■ Required work ■
Please return every line of the listing. Keep each one exact.

■ Records shown ■

╔══

text \<open>The terms phi x and phi x' of quad_cost_exchange have the same integral over a cell;
  they are made nonnegative by a shift and cancelled from both sides.\<close>

lemma cell_pair_integral_quad_cost_le:
  assumes i: "i \<in> I"
  shows "cell_pair_integral i (\<lambda>x x'. ennreal (quad_cost (x, T x')))
    \<le> ennreal (mass i) * (\<integral>\<^sup>+ x. indicator (Q i) x * ennreal (quad_cost (x, T x)) \<partial>\<mu>)
      + ennreal (mass i) * (ennreal (M / 2 * D) * ennreal (mass i))"
proof -
  obtain B where B: "\<And>x. x \<in> K \<Longrightarrow> norm (phi x) \<le> B" using phi_bounded by blast
  define P where "P x = ennreal (phi x + B)" for x
  have [measurable]: "P \<in> borel_measurable borel" unfolding P_def by measurable
  let ?I = "cell_pair_integral i"
  have finite: "?I (\<lambda>x x'. P x') \<noteq> \<infinity>"
    unfolding P_def using B by (intro cell_pair_integral_bounded_neq_top[of _ "2 * B"]) force
  have "?I (\<lambda>x x'. ennreal (quad_cost (x, T x'))) + ?I (\<lambda>x x'. P x')
      = ?I (\<lambda>x x'. ennreal (quad_cost (x, T x')) + P x')"
    by (rule cell_pair_integral_add[symmetric]) measurable
  also have "\<dots> \<le> ?I (\<lambda>x x'. (ennreal (quad_cost (x', T x')) + ennreal (M / 2 * D)) + P x)"
  proof (rule cell_pair_integral_mono)
    fix x x' assume x: "x \<in> K" "x' \<in> K" "x \<in> Q i" "x' \<in> Q i"
    have "M / 2 * (norm (x - x'))\<^sup>2 \<le> M / 2 * D"
      using diameter_Q[OF i x(3,4)] M_nonneg by (intro mult_left_mono) auto
    then have "quad_cost (x, T x') + (phi x' + B) \<le> (quad_cost (x', T x') + M / 2 * D) + (phi x + B)"
      using quad_cost_exchange[of x x'] by simp
    then have "ennreal (quad_cost (x, T x') + (phi x' + B))
        \<le> ennreal ((quad_cost (x', T x') + M / 2 * D) + (phi x + B))"
      by (rule ennreal_leI)
    moreover have "0 \<le> phi x + B" "0 \<le> phi x' + B" "0 \<le> M / 2 * D"
      using B[OF x(1)] B[OF x(2)] M_nonneg D_nonneg by auto
    ultimately show "ennreal (quad_cost (x, T x')) + P x'
        \<le> (ennreal (quad_cost (x', T x')) + ennreal (M / 2 * D)) + P x"
      unfolding P_def by (simp add: quad_cost_nonneg ennreal_plus)
  qed
  also have "\<dots> = ?I (\<lambda>x x'. ennreal (quad_cost (x', T x'))) + ?I (\<lambda>x x'. ennreal (M / 2 * D))
      + ?I (\<lambda>x x'. P x)"
    by (subst cell_pair_integral_add, measurable, subst cell_pair_integral_add, measurable)
  also have "?I (\<lambda>x x'. P x) = ?I (\<lambda>x x'. P x')"
    by (simp add: cell_pair_integral_left cell_pair_integral_right)
  finally have "?I (\<lambda>x x'. ennreal (quad_cost (x, T x')))
      \<le> ?I (\<lambda>x x'. ennreal (quad_cost (x', T x'))) + ?I (\<lambda>x x'. ennreal (M / 2 * D))"
    using finite by (simp add: ennreal_add_left_cancel_le add.commute[of _ "?I (\<lambda>x x'. P x')"] add.assoc)
  then show ?thesis
    by (simp add: cell_pair_integral_left cell_pair_integral_right nn_integral_Q_const)
qed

╚══

■ Exercise result ■
text \<open>The terms phi x and phi x' of quad_cost_exchange have the same integral over a cell;
  they are made nonnegative by a shift and cancelled from both sides.\<close>

lemma cell_pair_integral_quad_cost_le:
  assumes i: "i \<in> I"
  shows "cell_pair_integral i (\<lambda>x x'. ennreal (quad_cost (x, T x')))
    \<le> ennreal (mass i) * (\<integral>\<^sup>+ x. indicator (Q i) x * ennreal (quad_cost (x, T x)) \<partial>\<mu>)
      + ennreal (mass i) * (ennreal (M / 2 * D) * ennreal (mass i))"
proof -
  obtain B where B: "\<And>x. x \<in> K \<Longrightarrow> norm (phi x) \<le> B" using phi_bounded by blast
  define P where "P x = ennreal (phi x + B)" for x
  have [measurable]: "P \<in> borel_measurable borel" unfolding P_def by measurable
  let ?I = "cell_pair_integral i"
  have finite: "?I (\<lambda>x x'. P x') \<noteq> \<infinity>"
    unfolding P_def using B by (intro cell_pair_integral_bounded_neq_top[of _ "2 * B"]) force
  have "?I (\<lambda>x x'. ennreal (quad_cost (x, T x'))) + ?I (\<lambda>x x'. P x')
      = ?I (\<lambda>x x'. ennreal (quad_cost (x, T x')) + P x')"
    by (rule cell_pair_integral_add[symmetric]) measurable
  also have "\<dots> \<le> ?I (\<lambda>x x'. (ennreal (quad_cost (x', T x')) + ennreal (M / 2 * D)) + P x)"
  proof (rule cell_pair_integral_mono)
    fix x x' assume x: "x \<in> K" "x' \<in> K" "x \<in> Q i" "x' \<in> Q i"
    have "M / 2 * (norm (x - x'))\<^sup>2 \<le> M / 2 * D"
      using diameter_Q[OF i x(3,4)] M_nonneg by (intro mult_left_mono) auto
    then have "quad_cost (x, T x') + (phi x' + B) \<le> (quad_cost (x', T x') + M / 2 * D) + (phi x + B)"
      using quad_cost_exchange[of x x'] by simp
    then have "ennreal (quad_cost (x, T x') + (phi x' + B))
        \<le> ennreal ((quad_cost (x', T x') + M / 2 * D) + (phi x + B))"
      by (rule ennreal_leI)
    moreover have "0 \<le> phi x + B" "0 \<le> phi x' + B" "0 \<le> M / 2 * D"
      using B[OF x(1)] B[OF x(2)] M_nonneg D_nonneg by auto
    ultimately show "ennreal (quad_cost (x, T x')) + P x'
        \<le> (ennreal (quad_cost (x', T x')) + ennreal (M / 2 * D)) + P x"
      unfolding P_def by (simp add: quad_cost_nonneg ennreal_plus)
  qed
  also have "\<dots> = ?I (\<lambda>x x'. ennreal (quad_cost (x', T x'))) + ?I (\<lambda>x x'. ennreal (M / 2 * D))
      + ?I (\<lambda>x x'. P x)"
    by (subst cell_pair_integral_add, measurable, subst cell_pair_integral_add, measurable)
  also have "?I (\<lambda>x x'. P x) = ?I (\<lambda>x x'. P x')"
    by (simp add: cell_pair_integral_left cell_pair_integral_right)
  finally have "?I (\<lambda>x x'. ennreal (quad_cost (x, T x')))
      \<le> ?I (\<lambda>x x'. ennreal (quad_cost (x', T x'))) + ?I (\<lambda>x x'. ennreal (M / 2 * D))"
    using finite by (simp add: ennreal_add_left_cancel_le add.commute[of _ "?I (\<lambda>x x'. P x')"] add.assoc)
  then show ?thesis
    by (simp add: cell_pair_integral_left cell_pair_integral_right nn_integral_Q_const)
qed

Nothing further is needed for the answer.